**** EXERCISE DATA

definition feasible_schedule ::
  "nat \<Rightarrow> nat \<Rightarrow> nat \<Rightarrow> nat \<Rightarrow> nat \<Rightarrow> nat \<Rightarrow> nat \<Rightarrow> nat \<Rightarrow> (nat \<Rightarrow> nat) \<Rightarrow> (nat \<Rightarrow> nat)
   \<Rightarrow> (nat \<Rightarrow> nat \<Rightarrow> bool) \<Rightarrow> bool" where
  "feasible_schedule D N lw uw lo uo Uw Uo rl ru f \<longleftrightarrow>
     (\<forall>d\<in>{1..D}. rl d \<le> card {i. i < N \<and> f i d} \<and> card {i. i < N \<and> f i d} \<le> ru d) \<and>
     (\<forall>i<N. \<forall>P. period D f i True P \<longrightarrow> lw \<le> card P \<and> card P \<le> uw) \<and>
     (\<forall>i<N. \<forall>P. period D f i False P \<longrightarrow> lo \<le> card P \<and> card P \<le> uo) \<and>
     (\<forall>i<N. card {d\<in>{1..D}. f i d} \<le> Uw \<and> card {d\<in>{1..D}. \<not> f i d} \<le> Uo)"

definition represents :: "nat \<Rightarrow> nat \<Rightarrow> (nat \<Rightarrow> nat \<Rightarrow> bool) \<Rightarrow> (nat \<Rightarrow> int) \<Rightarrow> (nat \<Rightarrow> int) \<Rightarrow> bool" where
  "represents D N f S T \<longleftrightarrow>
     (\<forall>d\<in>{1..D}.
        S d = int (card {(i, P). i < N \<and> period D f i True P \<and> Min P \<le> d}) \<and>
        T d = int (card {(i, P). i < N \<and> period D f i True P \<and> Max P \<le> d - 1}))"

definition feasible_counters ::
  "nat \<Rightarrow> nat \<Rightarrow> nat \<Rightarrow> nat \<Rightarrow> nat \<Rightarrow> nat \<Rightarrow> nat \<Rightarrow> nat \<Rightarrow> (nat \<Rightarrow> nat) \<Rightarrow> (nat \<Rightarrow> nat)
   \<Rightarrow> (nat \<Rightarrow> int) \<Rightarrow> (nat \<Rightarrow> int) \<Rightarrow> bool" where
  "feasible_counters D N lw uw lo uo Uw Uo rl ru S T \<longleftrightarrow>
     (\<exists>f. feasible_schedule D N lw uw lo uo Uw Uo rl ru f \<and> represents D N f S T)"

end

theory Submission
  imports Defs
begin

text \<open>For days \<open>a \<le> b\<close>, \<open>S\<^sup>b - T\<^sup>a\<close> counts the work periods meeting the window
  \<open>{a..b}\<close>, and all seven claims compare sets of work periods with each other or with the set
  of workers. Two work periods of
  one worker, and a work period and the ends of the horizon, are separated by an off period of
  at least \<open>l\<^sub>o\<close> days, so a window of \<open>l\<^sub>o + 1\<close> days meets at most one work period per
  worker; off periods last at most \<open>u\<^sub>o\<close> days, so a window of \<open>u\<^sub>o + 1\<close> days meets a work
  period of every worker. Finally, the work periods containing day \<open>d\<close> correspond to the
  workers that are ON on day \<open>d\<close>.\<close>

lemma consecutive_atLeastAtMost_iff: "consecutive {a..b} \<longleftrightarrow> a \<le> b"
  unfolding consecutive_def by (metis atLeastatMost_empty_iff)

lemma status_block_atLeastAtMost_iff:
  "status_block D f i v {a..b} \<longleftrightarrow> a \<le> b \<and> 1 \<le> a \<and> b \<le> D \<and> (\<forall>x\<in>{a..b}. f i x = v)"
  by (auto simp: status_block_def consecutive_atLeastAtMost_iff)

lemma period_interval:
  assumes "period D f i v P"
  shows period_eq_atLeastAtMost: "P = {Min P..Max P}"
    and period_bounds: "1 \<le> Min P" "Min P \<le> Max P" "Max P \<le> D"
    and period_status: "\<And>x. x \<in> P \<Longrightarrow> f i x = v"
proof -
  obtain a b where ab: "a \<le> b" "P = {a..b}" "P \<subseteq> {1..D}" "\<forall>x\<in>P. f i x = v"
    using assms unfolding period_def status_block_def consecutive_def by blast
  then have "Min P = a" "Max P = b" by (auto intro: Min_eqI Max_eqI)
  with ab show "P = {Min P..Max P}" "1 \<le> Min P" "Min P \<le> Max P" "Max P \<le> D"
    and "\<And>x. x \<in> P \<Longrightarrow> f i x = v" by auto
qed

lemma period_mem_iff:
  assumes "period D f i v P"
  shows "x \<in> P \<longleftrightarrow> Min P \<le> x \<and> x \<le> Max P"
  by (subst period_eq_atLeastAtMost[OF assms]) simp

lemma Min_in_period: "period D f i v P \<Longrightarrow> Min P \<in> P"
  and Max_in_period: "period D f i v P \<Longrightarrow> Max P \<in> P"
  using period_mem_iff period_bounds(2) by blast+

lemma finite_period:
  assumes "period D f i v P"
  shows "finite P"
  by (subst period_eq_atLeastAtMost[OF assms]) simp

lemma card_period:
  assumes "period D f i v P"
  shows "card P = Suc (Max P) - Min P"
  by (subst period_eq_atLeastAtMost[OF assms]) simp

lemma period_maximal:
  assumes "period D f i v P" "status_block D f i v B" "P \<subseteq> B"
  shows "B = P"
  using assms unfolding period_def by blast

lemma status_block_Un:
  assumes "status_block D f i v B" "status_block D f i v C" "B \<inter> C \<noteq> {}"
  shows "status_block D f i v (B \<union> C)"
proof -
  obtain a b c e where "B = {a..b}" "C = {c..e}"
    using assms(1,2) unfolding status_block_def consecutive_def by blast
  with assms(3) have "B \<union> C = {min a c..max b e}" "min a c \<le> max b e"
    by (auto simp: min_def max_def)
  then have "consecutive (B \<union> C)" unfolding consecutive_def by blast
  with assms(1,2) show ?thesis unfolding status_block_def by blast
qed

lemma status_block_subset_period:
  assumes "status_block D f i v B" "period D f i v P" "B \<inter> P \<noteq> {}"
  shows "B \<subseteq> P"
proof -
  have "status_block D f i v (B \<union> P)"
    using status_block_Un assms unfolding period_def by blast
  then show ?thesis using period_maximal[OF assms(2)] by blast
qed

lemma period_unique:
  assumes "period D f i v P" "period D f i v Q" "x \<in> P" "x \<in> Q"
  shows "P = Q"
  using status_block_subset_period assms unfolding period_def by blast

lemma periods_ordered:
  assumes P: "period D f i v P" and Q: "period D f i v Q" and "P \<noteq> Q"
  shows "Max P < Min Q \<or> Max Q < Min P"
proof (rule ccontr)
  assume "\<not> ?thesis"
  then have "max (Min P) (Min Q) \<in> P" "max (Min P) (Min Q) \<in> Q"
    using period_bounds(2)[OF P] period_bounds(2)[OF Q]
    unfolding period_mem_iff[OF P] period_mem_iff[OF Q] by linarith+
  then show False using period_unique[OF P Q] assms(3) by blast
qed

lemma period_exists:
  assumes "d \<in> {1..D}" "f i d = v"
  obtains P where "period D f i v P" "d \<in> P"
proof -
  define F where "F = {B. status_block D f i v B \<and> d \<in> B}"
  have "F \<subseteq> Pow {1..D}" unfolding F_def status_block_def by blast
  then have "finite F" by (rule finite_subset) simp
  have "status_block D f i v {d..d}"
    using assms by (subst status_block_atLeastAtMost_iff) auto
  then have "F \<noteq> {}" unfolding F_def by auto
  obtain P where "P \<in> F" and maximal: "\<forall>B\<in>F. P \<subseteq> B \<longrightarrow> B = P"
    using finite_has_maximal[OF \<open>finite F\<close> \<open>F \<noteq> {}\<close>] by blast
  have "period D f i v P"
    unfolding period_def
  proof (intro conjI allI impI)
    show "status_block D f i v P" using \<open>P \<in> F\<close> unfolding F_def by simp
    fix B assume "status_block D f i v B \<and> P \<subseteq> B"
    then show "B = P" using maximal \<open>P \<in> F\<close> unfolding F_def by blast
  qed
  with \<open>P \<in> F\<close> show thesis using that unfolding F_def by blast
qed

lemma period_Suc_Max:
  assumes P: "period D f i v P" and "Max P < D"
  shows "f i (Suc (Max P)) \<noteq> v"
proof
  assume "f i (Suc (Max P)) = v"
  with Max_in_period[OF P] period_status[OF P] period_bounds[OF P] assms(2)
  have "status_block D f i v {Max P..Suc (Max P)}"
    by (auto simp: status_block_atLeastAtMost_iff le_Suc_eq)
  moreover have "Max P \<in> {Max P..Suc (Max P)} \<inter> P" using Max_in_period[OF P] by simp
  ultimately have "Suc (Max P) \<in> P" using status_block_subset_period[OF _ P] by fastforce
  then show False using period_mem_iff[OF P] by simp
qed

lemma period_pred_Min:
  assumes P: "period D f i v P" and "1 < Min P"
  shows "f i (Min P - 1) \<noteq> v"
proof
  assume "f i (Min P - 1) = v"
  with Min_in_period[OF P] period_status[OF P] period_bounds[OF P] assms(2)
  have "status_block D f i v {Min P - 1..Min P}"
    by (auto simp: status_block_atLeastAtMost_iff le_eq_less_or_eq)
  moreover have "Min P \<in> {Min P - 1..Min P} \<inter> P" using Min_in_period[OF P] by simp
  ultimately have "Min P - 1 \<in> P" using status_block_subset_period[OF _ P] by fastforce
  then have "Min P \<le> Min P - 1" unfolding period_mem_iff[OF P] by simp
  with assms(2) show False by linarith
qed

text \<open>Here and below, the days \<open>0\<close> and \<open>Suc D\<close> play the role of the horizon's
  boundaries, which end a period just like a day of the opposite status.\<close>

lemma period_between:
  assumes Q: "period D f i v Q" and "x \<in> Q" "a < x" "x < b"
    and "a = 0 \<or> f i a \<noteq> v" "b = Suc D \<or> f i b \<noteq> v"
  shows "Q \<subseteq> {a<..<b}"
proof
  fix y assume "y \<in> Q"
  have "a \<notin> Q" "b \<notin> Q"
    using assms(5,6) period_status[OF Q] period_bounds[OF Q] unfolding period_mem_iff[OF Q]
    by auto
  moreover have "a < y \<or> a \<in> Q" "y < b \<or> b \<in> Q"
    using \<open>y \<in> Q\<close> assms(2-4) unfolding period_mem_iff[OF Q] by linarith+
  ultimately show "y \<in> {a<..<b}" by simp
qed

lemma gap_around_off_day:
  assumes off_long: "\<And>Q. period D f i False Q \<Longrightarrow> lo \<le> card Q"
    and "x \<in> {1..D}" "\<not> f i x" "a < x" "x < b" "a = 0 \<or> f i a" "b = Suc D \<or> f i b"
  shows "a + lo < b"
proof -
  obtain Q where Q: "period D f i False Q" "x \<in> Q"
    using period_exists[OF assms(2), of f i False] assms(3) by auto
  have "Q \<subseteq> {a<..<b}"
    using period_between[OF Q] assms(4-7) by simp
  then have "card Q \<le> b - Suc a" using card_mono[of "{a<..<b}" Q] by simp
  with off_long[OF Q(1)] assms(4,5) show ?thesis by linarith
qed

lemma work_periods_gap:
  assumes off_long: "\<And>Q. period D f i False Q \<Longrightarrow> lo \<le> card Q"
    and P1: "period D f i True P1" and P2: "period D f i True P2" and "Max P1 < Min P2"
  shows "Max P1 + lo < Min P2"
proof (rule gap_around_off_day[OF off_long])
  have "f i (Max P1)" "f i (Min P2)"
    using period_status[OF P1 Max_in_period[OF P1]] period_status[OF P2 Min_in_period[OF P2]]
    by simp_all
  then show "Max P1 = 0 \<or> f i (Max P1)" "Min P2 = Suc D \<or> f i (Min P2)" by simp_all
  have "Max P1 < D" using assms(4) period_bounds(2,3)[OF P2] by linarith
  then show "Suc (Max P1) \<in> {1..D}" "\<not> f i (Suc (Max P1))"
    using period_Suc_Max[OF P1] by auto
  with \<open>f i (Min P2)\<close> show "Suc (Max P1) < Min P2"
    using assms(4) by (metis Suc_leI le_neq_implies_less)
  show "Max P1 < Suc (Max P1)" by simp
qed

lemma late_work_period_start:
  assumes off_long: "\<And>Q. period D f i False Q \<Longrightarrow> lo \<le> card Q"
    and P: "period D f i True P" and "1 < Min P"
  shows "lo < Min P"
proof -
  have "0 + lo < Min P"
  proof (rule gap_around_off_day[OF off_long])
    show "Min P - 1 \<in> {1..D}" "\<not> f i (Min P - 1)"
      using period_pred_Min[OF P assms(3)] period_bounds[OF P] assms(3) by auto
    show "Min P = Suc D \<or> f i (Min P)"
      using period_status[OF P Min_in_period[OF P]] by simp
  qed (use assms(3) in auto)
  then show ?thesis by simp
qed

********

▶ _INSTRUCTIONS FOR THE TASK_
Reproduce the records above line by line, without any change, up to and including the line that holds "Uw \<and> card".

▶ _TASK RESPONSE_
definition feasible_schedule ::
  "nat \<Rightarrow> nat \<Rightarrow> nat \<Rightarrow> nat \<Rightarrow> nat \<Rightarrow> nat \<Rightarrow> nat \<Rightarrow> nat \<Rightarrow> (nat \<Rightarrow> nat) \<Rightarrow> (nat \<Rightarrow> nat)
   \<Rightarrow> (nat \<Rightarrow> nat \<Rightarrow> bool) \<Rightarrow> bool" where
  "feasible_schedule D N lw uw lo uo Uw Uo rl ru f \<longleftrightarrow>
     (\<forall>d\<in>{1..D}. rl d \<le> card {i. i < N \<and> f i d} \<and> card {i. i < N \<and> f i d} \<le> ru d) \<and>
     (\<forall>i<N. \<forall>P. period D f i True P \<longrightarrow> lw \<le> card P \<and> card P \<le> uw) \<and>
     (\<forall>i<N. \<forall>P. period D f i False P \<longrightarrow> lo \<le> card P \<and> card P \<le> uo) \<and>
     (\<forall>i<N. card {d\<in>{1..D}. f i d} \<le> Uw \<and> card {d\<in>{1..D}. \<not> f i d} \<le> Uo)"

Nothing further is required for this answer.